(* Let $1<p<\infty$, $1/p+1/p'=1$, and let $f=\sum_{k\ge0}c_kh_{2^k}\in L^p$ be a first-order Haar chaos with $c_0\ne0$. Let $\{d_k\}$ be the Taylor coefficients of $\hat g(z)=1/\hat f(z)$ (as a formal power series), and define $g^n$ as follows: for $n\ge1$, with $m=\lfloor\log_2n\rfloor$ and $\nu(n)$ the largest integer with $2^{\nu(n)}\mid n$, $g^n=\sum_{j=0}^{\nu(n)}d_j2^{m-j}h_{n/2^j}$. Then $\hat g\in A_{p'}^+(\mathbb D_{2^{-1/p}})$ if and only if $\sup_{n\ge1}\|f_n\|_{L^p}\|g^n\|_{L^{p'}}<\infty$.
   Context: All functions are complex-valued on $I=(0,1]$. Let $h=\chi_{(0,1/2]}-\chi_{(1/2,1]}$; for $n=2^k+j$ with $k\ge0$, $0\le j\le2^k-1$, $h_n(t)=h(2^kt-j)$ on $(j2^{-k},(j+1)2^{-k}]$ and $0$ otherwise. For mean-zero $f$, the system of dilations and translations is $f_n(t)=f(2^kt-j)$ on $(j2^{-k},(j+1)2^{-k}]$, $0$ otherwise. A first-order Haar chaos is $f=\sum_{k\ge0}c_kh_{2^k}$, $c_k\in\mathbb C$; its symbol is $\hat f(z)=\sum_kc_kz^k$. $A_q^+(\mathbb D_R)$ is the space of power series $u(z)=\sum a_kz^k$ with $\|(a_kR^k)_k\|_{\ell^q}<\infty$. (The system $\{g^n\}$ is biorthogonal to $\{f_n\}$.) *)

theory Defs
  imports "HOL-Analysis.Analysis" "HOL-Computational_Algebra.Formal_Power_Series"
begin

text \<open>Dyadic indexing: for n = 2^k + j with 0 \<le> j < 2^k, level n = k and pos n = j.\<close>
definition level :: "nat \<Rightarrow> nat" where
  "level n = (GREATEST k::nat. 2 ^ k \<le> n)"

definition pos :: "nat \<Rightarrow> nat" where
  "pos n = n - 2 ^ level n"

definition nu :: "nat \<Rightarrow> nat" where
  "nu n = (GREATEST k::nat. 2 ^ k dvd n)"

definition dil :: "(real \<Rightarrow> complex) \<Rightarrow> nat \<Rightarrow> real \<Rightarrow> complex" where
  "dil u n t = (if real (pos n) / 2 ^ level n < t \<and> t \<le> (real (pos n) + 1) / 2 ^ level n
                then u (2 ^ level n * t - real (pos n)) else 0)"

definition haar :: "real \<Rightarrow> complex" where
  "haar t = (if 0 < t \<and> t \<le> 1/2 then 1 else if 1/2 < t \<and> t \<le> 1 then -1 else 0)"

definition haar_fn :: "nat \<Rightarrow> real \<Rightarrow> complex" where
  "haar_fn n = dil haar n"

text \<open>First-order Haar chaos f = sum_k c_k h_{2^k}; for each t > 0 only finitely many terms are nonzero.\<close>
definition chaos :: "(nat \<Rightarrow> complex) \<Rightarrow> real \<Rightarrow> complex" where
  "chaos c t = (\<Sum>k. c k * haar_fn (2 ^ k) t)"

definition symbol :: "(nat \<Rightarrow> complex) \<Rightarrow> complex fps" where
  "symbol c = Abs_fps c"

definition inv_coeffs :: "(nat \<Rightarrow> complex) \<Rightarrow> nat \<Rightarrow> complex" where
  "inv_coeffs c k = fps_nth (inverse (symbol c)) k"

definition gdual :: "(nat \<Rightarrow> complex) \<Rightarrow> nat \<Rightarrow> real \<Rightarrow> complex" where
  "gdual c n t = (\<Sum>j=0..nu n. inv_coeffs c j * 2 ^ (level n - j) * haar_fn (n div 2 ^ j) t)"

definition Lpnorm :: "real \<Rightarrow> (real \<Rightarrow> complex) \<Rightarrow> real" where
  "Lpnorm p u = (set_lebesgue_integral lborel {0<..1::real} (\<lambda>t. norm (u t) powr p)) powr (1 / p)"

text \<open>Membership of a power series sum a_k z^k in A_q^+(D_R).\<close>
definition A_plus :: "real \<Rightarrow> real \<Rightarrow> (nat \<Rightarrow> complex) \<Rightarrow> bool" where
  "A_plus q R a \<longleftrightarrow> summable (\<lambda>k. norm (a k * of_real (R ^ k)) powr q)"

end

theory Submission
  imports Defs
begin

text \<open>Substituting t = (pos n + s) / 2^level n turns f_n into f and g^n into 2^level n times
  the profile s \<mapsto> \<Sum>j\<le>\<nu>(n). a_j h(s/2^j) with a_j = d_j / 2^j. The profile is constant on
  (0,1/2] and on each dyadic block (2^k/2, 2^k], so ||f_n||_p ||g^n||_p' = ||f||_p E(\<nu>(n))^(1/p')
  for an explicit sum E(N) over these blocks, and since \<nu>(2^N) = N the products are bounded iff
  E is. Finally E(N) is comparable to \<Sum>k\<le>N. 2^k |a_k|^p' = \<Sum>k\<le>N. |d_k 2^(-k/p)|^p': one
  direction bounds the block values by geometric convolutions of the |a_j|, the other inverts
  the recursion T_k = a_k + T_(k+1) for the tail sums T_k; both are closed by Schur's test for
  a geometric kernel.\<close>

lemma powr_weighted_sum_le:
  fixes w y :: "'a \<Rightarrow> real"
  assumes S: "finite S" and w: "\<And>i. i \<in> S \<Longrightarrow> w i \<ge> 0"
    and y: "\<And>i. i \<in> S \<Longrightarrow> y i \<ge> 0" and q: "q \<ge> 1"
  shows "(\<Sum>i\<in>S. w i * y i) powr q \<le> (\<Sum>i\<in>S. w i) powr (q - 1) * (\<Sum>i\<in>S. w i * y i powr q)"
proof -
  define S' where "S' = {i\<in>S. w i > 0 \<and> y i > 0}"
  have S'S: "S' \<subseteq> S" and fS': "finite S'" using S by (auto simp: S'_def)
  have sum_S': "(\<Sum>i\<in>S. w i * y i) = (\<Sum>i\<in>S'. w i * y i)"
    by (rule sum.mono_neutral_right[OF S S'S]) (use w y in \<open>force simp: S'_def\<close>)
  show ?thesis
  proof (cases "S' = {}")
    case True
    then show ?thesis using sum_S' w by (simp add: sum_nonneg)
  next
    case False
    define L where "L = (\<Sum>i\<in>S'. w i)"
    have L: "L > 0" unfolding L_def using False fS' by (intro sum_pos) (auto simp: S'_def)
    have "(\<lambda>x. x powr q) (\<Sum>i\<in>S'. (w i / L) *\<^sub>R y i) \<le> (\<Sum>i\<in>S'. (w i / L) * (\<lambda>x. x powr q) (y i))"
      using L by (intro convex_on_sum[OF fS' False powr_convex[OF q]])
        (auto simp: S'_def L_def sum_divide_distrib[symmetric])
    then have "(\<Sum>i\<in>S'. w i * y i) powr q / L powr q \<le> (\<Sum>i\<in>S'. w i * y i powr q) / L"
      using L by (simp add: sum_divide_distrib[symmetric] powr_divide sum_nonneg S'_def less_imp_le)
    then have "(\<Sum>i\<in>S'. w i * y i) powr q \<le> L powr (q - 1) * (\<Sum>i\<in>S'. w i * y i powr q)"
      using L by (simp add: divide_simps powr_diff mult.commute)
    also have "\<dots> \<le> (\<Sum>i\<in>S. w i) powr (q - 1) * (\<Sum>i\<in>S. w i * y i powr q)"
      using L q w y S'S unfolding L_def
      by (intro mult_mono powr_mono2 sum_mono2[OF S S'S] sum_nonneg) (auto simp: subset_iff)
    finally show ?thesis using sum_S' by simp
  qed
qed

lemma schur_test_powr:
  fixes K :: "'a \<Rightarrow> 'a \<Rightarrow> real"
  assumes A: "finite A" and q: "q \<ge> 1" and S: "S \<ge> 0" and K: "\<And>k i. K k i \<ge> 0"
    and x: "\<And>i. x i \<ge> 0"
    and row: "\<And>k. k \<in> A \<Longrightarrow> (\<Sum>i\<in>A. K k i) \<le> S"
    and col: "\<And>i. i \<in> A \<Longrightarrow> (\<Sum>k\<in>A. K k i) \<le> S"
  shows "(\<Sum>k\<in>A. (\<Sum>i\<in>A. K k i * x i) powr q) \<le> S powr q * (\<Sum>i\<in>A. x i powr q)"
proof -
  have "(\<Sum>k\<in>A. (\<Sum>i\<in>A. K k i * x i) powr q) \<le> (\<Sum>k\<in>A. S powr (q - 1) * (\<Sum>i\<in>A. K k i * x i powr q))"
  proof (rule sum_mono)
    fix k assume k: "k \<in> A"
    have "(\<Sum>i\<in>A. K k i * x i) powr q \<le> (\<Sum>i\<in>A. K k i) powr (q - 1) * (\<Sum>i\<in>A. K k i * x i powr q)"
      by (rule powr_weighted_sum_le[OF A K x q])
    also have "\<dots> \<le> S powr (q - 1) * (\<Sum>i\<in>A. K k i * x i powr q)"
      using row[OF k] q K by (intro mult_right_mono powr_mono2 sum_nonneg) auto
    finally show "(\<Sum>i\<in>A. K k i * x i) powr q \<le> S powr (q - 1) * (\<Sum>i\<in>A. K k i * x i powr q)" .
  qed
  also have "\<dots> = S powr (q - 1) * (\<Sum>i\<in>A. \<Sum>k\<in>A. K k i * x i powr q)"
    by (simp only: sum_distrib_left[symmetric], rule arg_cong[where f="(*) _"], rule sum.swap)
  also have "\<dots> = S powr (q - 1) * (\<Sum>i\<in>A. x i powr q * (\<Sum>k\<in>A. K k i))"
    by (simp add: sum_distrib_left mult.commute)
  also have "\<dots> \<le> S powr (q - 1) * (\<Sum>i\<in>A. x i powr q * S)"
    by (intro mult_left_mono sum_mono) (auto simp: col)
  also have "\<dots> = S powr q * (\<Sum>i\<in>A. x i powr q)"
    using S by (cases "S = 0") (simp_all add: powr_diff sum_distrib_left sum_distrib_right mult_ac)
  finally show ?thesis .
qed

lemma sum_power_inj_le:
  fixes r :: real
  assumes "finite A" "inj_on g A" "0 \<le> r" "r < 1"
  shows "(\<Sum>i\<in>A. r ^ g i) \<le> 1 / (1 - r)"
proof -
  have "(\<Sum>i\<in>A. r ^ g i) = (\<Sum>l\<in>g ` A. r ^ l)" using assms by (simp add: sum.reindex)
  also have "\<dots> \<le> (\<Sum>l. r ^ l)"
    using assms by (intro sum_le_suminf summable_geometric) auto
  also have "\<dots> = 1 / (1 - r)" using assms by (simp add: suminf_geometric)
  finally show ?thesis .
qed

definition geom_kernel :: "real \<Rightarrow> nat \<Rightarrow> nat \<Rightarrow> real" where
  "geom_kernel r k i = (if i \<le> k then r ^ (k - i) else 0)"

lemma geom_kernel_nonneg: "0 \<le> r \<Longrightarrow> 0 \<le> geom_kernel r k i"
  by (simp add: geom_kernel_def)

lemma sum_geom_kernel_row_le:
  "0 \<le> r \<Longrightarrow> r < 1 \<Longrightarrow> (\<Sum>i\<le>N. geom_kernel r k i) \<le> 1 / (1 - r)"
  unfolding geom_kernel_def
  by (subst sum.inter_filter[symmetric], simp, rule sum_power_inj_le) (auto simp: inj_on_def)

lemma sum_geom_kernel_col_le:
  "0 \<le> r \<Longrightarrow> r < 1 \<Longrightarrow> (\<Sum>k\<le>N. geom_kernel r k i) \<le> 1 / (1 - r)"
  unfolding geom_kernel_def
  by (subst sum.inter_filter[symmetric], simp, rule sum_power_inj_le) (auto simp: inj_on_def)

lemma sum_geom_kernel_eq:
  "k \<le> N \<Longrightarrow> (\<Sum>i\<le>N. geom_kernel r k i * x i) = (\<Sum>i\<le>k. r ^ (k - i) * x i)"
  unfolding geom_kernel_def
  by (subst sum.mono_neutral_right[of "{..N}" "{..k}"]) auto

lemma sum_geom_kernel_transpose_eq:
  "(\<Sum>i\<le>N. geom_kernel r i k * x i) = (\<Sum>i=k..N. r ^ (i - k) * x i)"
  unfolding geom_kernel_def
  by (subst sum.mono_neutral_right[of "{..N}" "{k..N}"]) auto

lemma geom_kernel_powr_le:
  assumes "0 \<le> r" "r < 1" "q \<ge> 1" "\<And>i. x i \<ge> 0"
  shows "(\<Sum>k\<le>N. (\<Sum>i\<le>N. geom_kernel r k i * x i) powr q) \<le> (1 / (1 - r)) powr q * (\<Sum>i\<le>N. x i powr q)"
  using assms sum_geom_kernel_row_le sum_geom_kernel_col_le
  by (intro schur_test_powr) (auto simp: geom_kernel_nonneg)

lemma geom_kernel_transpose_powr_le:
  assumes "0 \<le> r" "r < 1" "q \<ge> 1" "\<And>i. x i \<ge> 0"
  shows "(\<Sum>k\<le>N. (\<Sum>i\<le>N. geom_kernel r i k * x i) powr q) \<le> (1 / (1 - r)) powr q * (\<Sum>i\<le>N. x i powr q)"
  using assms sum_geom_kernel_row_le sum_geom_kernel_col_le
  by (intro schur_test_powr) (auto simp: geom_kernel_nonneg)

lemma powr_add_le:
  fixes a b q :: real
  assumes "0 \<le> a" "0 \<le> b" "0 \<le> q"
  shows "(a + b) powr q \<le> 2 powr q * (a powr q + b powr q)"
proof -
  have "(a + b) powr q \<le> (2 * max a b) powr q" using assms by (intro powr_mono2) auto
  also have "\<dots> = 2 powr q * max a b powr q" using assms by (simp add: powr_mult)
  also have "\<dots> \<le> 2 powr q * (a powr q + b powr q)" by (intro mult_left_mono) (auto simp: max_def)
  finally show ?thesis .
qed

lemma sum_powr_add_at_zero_le:
  fixes w :: "nat \<Rightarrow> real"
  assumes w: "\<And>i. 0 \<le> w i" and c: "0 \<le> c" and q: "0 \<le> q"
  shows "(\<Sum>i\<le>N. (w i + (if i = 0 then c else 0)) powr q) \<le> 2 powr q * ((\<Sum>i\<le>N. w i powr q) + c powr q)"
proof -
  have "(w i + (if i = 0 then c else 0)) powr q \<le> 2 powr q * (w i powr q + (if i = 0 then c powr q else 0))" for i
  proof (cases "i = 0")
    case True
    then show ?thesis using powr_add_le[of "w 0" c q] w c q by simp
  next
    case False
    have "1 * w i powr q \<le> 2 powr q * w i powr q"
      using q by (intro mult_right_mono ge_one_powr_ge_zero) auto
    then show ?thesis using False by simp
  qed
  then have "(\<Sum>i\<le>N. (w i + (if i = 0 then c else 0)) powr q)
      \<le> (\<Sum>i\<le>N. 2 powr q * (w i powr q + (if i = 0 then c powr q else 0)))"
    by (intro sum_mono)
  then show ?thesis by (simp add: sum_distrib_left[symmetric] sum.distrib)
qed

lemma power_two_powr_inverse_powr:
  fixes q :: real
  assumes "q \<noteq> 0"
  shows "((2 powr (-1 / q)) ^ k) powr q = 1 / 2 ^ k"
proof -
  have "((2 powr (-1 / q)) ^ k) powr q = 2 powr (real k * (-1 / q) * q)"
    by (simp add: powr_power powr_powr)
  also have "\<dots> = 1 / 2 ^ k"
    using assms by (simp add: powr_minus_divide powr_realpow)
  finally show ?thesis .
qed

definition tail_sum :: "(nat \<Rightarrow> complex) \<Rightarrow> nat \<Rightarrow> nat \<Rightarrow> complex" where
  "tail_sum a N k = (\<Sum>j=k..N. a j)"

text \<open>The integral of |s \<mapsto> \<Sum>j\<le>N. a j * h(s/2^j)|^q, a function equal to tail_sum a N 0 on
  (0,1/2], to tail_sum a N (k+1) - a k on (2^k/2, 2^k] for k \<le> N, and to 0 elsewhere.\<close>
definition haar_energy :: "real \<Rightarrow> (nat \<Rightarrow> complex) \<Rightarrow> nat \<Rightarrow> real" where
  "haar_energy q a N = norm (tail_sum a N 0) powr q / 2
     + (\<Sum>k\<le>N. 2 ^ k / 2 * norm (tail_sum a N (Suc k) - a k) powr q)"

lemma haar_energy_nonneg: "0 \<le> haar_energy q a N"
  unfolding haar_energy_def by (intro add_nonneg_nonneg sum_nonneg) auto

lemma tail_sum_eq_Suc: "k \<le> N \<Longrightarrow> tail_sum a N k = a k + tail_sum a N (Suc k)"
  unfolding tail_sum_def by (subst sum.atLeast_Suc_atMost) auto

lemma norm_tail_sum_diff_le:
  assumes "k \<le> N"
  shows "norm (tail_sum a N (Suc k) - a k) \<le> (\<Sum>j=k..N. norm (a j))"
proof -
  have "norm (tail_sum a N (Suc k) - a k) \<le> norm (tail_sum a N (Suc k)) + norm (a k)"
    by (rule norm_triangle_ineq4)
  also have "\<dots> \<le> (\<Sum>j=Suc k..N. norm (a j)) + norm (a k)"
    unfolding tail_sum_def by (simp add: norm_sum)
  also have "\<dots> = (\<Sum>j=k..N. norm (a j))" using assms by (subst (2) sum.atLeast_Suc_atMost) auto
  finally show ?thesis .
qed
lemma kernel_powr_\<sigma>_bounded:
  fixes R :: real
  obtains B where "\<And>x. \<bar>x\<bar> \<le> R \<Longrightarrow> integrable lborel (\<lambda>t. \<bar>ln (\<bar>x - t\<bar> / (1 + \<bar>t\<bar>))\<bar> powr q * \<sigma> t)"
    and "\<And>x. \<bar>x\<bar> \<le> R \<Longrightarrow> (\<integral>t. \<bar>ln (\<bar>x - t\<bar> / (1 + \<bar>t\<bar>))\<bar> powr q * \<sigma> t \<partial>lborel) \<le> B"
proof -
  obtain \<delta> K where \<delta>: "0 < \<delta>" "0 \<le> K"
    and singular_integrable: "\<And>x. integrable lborel (S.singular_weight \<delta> x)"
    and singular_integral: "\<And>x. integral\<^sup>L lborel (S.singular_weight \<delta> x) \<le> K * S.mass (x - 1) (x + 1)"
    using singular_exponent_\<sigma> by blast
  \<comment> \<open>The \<open>q\<close>-th power of the majorant \<open>|x - t| powr -\<gamma> / \<gamma>\<close> of the logarithmic
    singularity is then a multiple of \<open>|x - t| powr -\<delta>\<close>.\<close>
  define \<gamma> where "\<gamma> = \<delta> / q"
  have \<gamma>: "0 < \<gamma>" "\<gamma> * q = \<delta>"
    unfolding \<gamma>_def using \<delta> q_gt_1 by auto
  define A where "A = 2 powr q * (4 * (1 + R)\<^sup>2) powr q"
  define A' where "A' = 2 powr q * \<gamma> powr (- q)"
  define majorant where "majorant x t = A * (\<sigma> t * (1 + \<bar>t\<bar>) powr (- q))
    + A' * S.singular_weight \<delta> x t" for x t
  have majorant_integrable: "integrable lborel (majorant x)" for x
    unfolding majorant_def
    by (intro Bochner_Integration.integrable_add integrable_mult_right integrable_\<sigma>_decay singular_integrable)
  have dominated: "\<bar>ln (\<bar>x - t\<bar> / (1 + \<bar>t\<bar>))\<bar> powr q * \<sigma> t \<le> majorant x t" if "\<bar>x\<bar> \<le> R" for x t
  proof -
    have "\<bar>ln (\<bar>x - t\<bar> / (1 + \<bar>t\<bar>))\<bar> powr q * \<sigma> t
      \<le> 2 powr q * ((4 * (1 + R)\<^sup>2) powr q * (1 + \<bar>t\<bar>) powr (- q) + \<gamma> powr (- q)
        * (if 0 < \<bar>x - t\<bar> \<and> \<bar>x - t\<bar> < 1 then \<bar>x - t\<bar> powr (- (\<gamma> * q)) else 0)) * \<sigma> t"
      by (rule mult_right_mono[OF abs_ln_kernel_powr_le[OF \<gamma>(1) that] \<sigma>_nonneg]) (use q_gt_1 in simp)
    then show ?thesis
      unfolding majorant_def A_def A'_def S.singular_weight_def \<gamma>(2)
      by (cases "0 < \<bar>x - t\<bar> \<and> \<bar>x - t\<bar> < 1")
         (simp_all only: if_True if_False, simp_all add: algebra_simps)
  qed
  have integrable: "integrable lborel (\<lambda>t. \<bar>ln (\<bar>x - t\<bar> / (1 + \<bar>t\<bar>))\<bar> powr q * \<sigma> t)"
    if "\<bar>x\<bar> \<le> R" for x
    by (rule Bochner_Integration.integrable_bound[OF majorant_integrable[of x]])
       (use dominated[OF that] \<sigma>_nonneg in \<open>auto intro!: AE_I2 order_trans[OF _ abs_ge_self]\<close>)
  show ?thesis
  proof (rule that[OF integrable])
    fix x :: real
    assume x: "\<bar>x\<bar> \<le> R"
    have "S.mass (x - 1) (x + 1) \<le> S.mass (- R - 1) (R + 1)"
      using x by (intro S.mass_mono) auto
    then have "A' * integral\<^sup>L lborel (S.singular_weight \<delta> x) \<le> A' * (K * S.mass (- R - 1) (R + 1))"
      using singular_integral[of x] \<delta>(2) unfolding A'_def
      by (intro mult_left_mono) (auto intro: order_trans mult_left_mono)
    then have "(\<integral>t. majorant x t \<partial>lborel)
        \<le> A * (\<integral>t. \<sigma> t * (1 + \<bar>t\<bar>) powr (- q) \<partial>lborel) + A' * (K * S.mass (- R - 1) (R + 1))"
      unfolding majorant_def by (simp add: integrable_\<sigma>_decay singular_integrable)
    then show "(\<integral>t. \<bar>ln (\<bar>x - t\<bar> / (1 + \<bar>t\<bar>))\<bar> powr q * \<sigma> t \<partial>lborel)
        \<le> A * (\<integral>t. \<sigma> t * (1 + \<bar>t\<bar>) powr (- q) \<partial>lborel) + A' * (K * S.mass (- R - 1) (R + 1))"
      using integral_mono[OF integrable[OF x] majorant_integrable dominated[OF x]] by linarith
  qed
qed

Task objective |
What is needed is every line from the start of the entries through the line containing "k::nat. 2 ^ k \<le>", returned word for word and nothing else.

Response box |
(* Let $1<p<\infty$, $1/p+1/p'=1$, and let $f=\sum_{k\ge0}c_kh_{2^k}\in L^p$ be a first-order Haar chaos with $c_0\ne0$. Let $\{d_k\}$ be the Taylor coefficients of $\hat g(z)=1/\hat f(z)$ (as a formal power series), and define $g^n$ as follows: for $n\ge1$, with $m=\lfloor\log_2n\rfloor$ and $\nu(n)$ the largest integer with $2^{\nu(n)}\mid n$, $g^n=\sum_{j=0}^{\nu(n)}d_j2^{m-j}h_{n/2^j}$. Then $\hat g\in A_{p'}^+(\mathbb D_{2^{-1/p}})$ if and only if $\sup_{n\ge1}\|f_n\|_{L^p}\|g^n\|_{L^{p'}}<\infty$.
   Context: All functions are complex-valued on $I=(0,1]$. Let $h=\chi_{(0,1/2]}-\chi_{(1/2,1]}$; for $n=2^k+j$ with $k\ge0$, $0\le j\le2^k-1$, $h_n(t)=h(2^kt-j)$ on $(j2^{-k},(j+1)2^{-k}]$ and $0$ otherwise. For mean-zero $f$, the system of dilations and translations is $f_n(t)=f(2^kt-j)$ on $(j2^{-k},(j+1)2^{-k}]$, $0$ otherwise. A first-order Haar chaos is $f=\sum_{k\ge0}c_kh_{2^k}$, $c_k\in\mathbb C$; its symbol is $\hat f(z)=\sum_kc_kz^k$. $A_q^+(\mathbb D_R)$ is the space of power series $u(z)=\sum a_kz^k$ with $\|(a_kR^k)_k\|_{\ell^q}<\infty$. (The system $\{g^n\}$ is biorthogonal to $\{f_n\}$.) *)

theory Defs
  imports "HOL-Analysis.Analysis" "HOL-Computational_Algebra.Formal_Power_Series"
begin

text \<open>Dyadic indexing: for n = 2^k + j with 0 \<le> j < 2^k, level n = k and pos n = j.\<close>
definition level :: "nat \<Rightarrow> nat" where
  "level n = (GREATEST k::nat. 2 ^ k \<le> n)"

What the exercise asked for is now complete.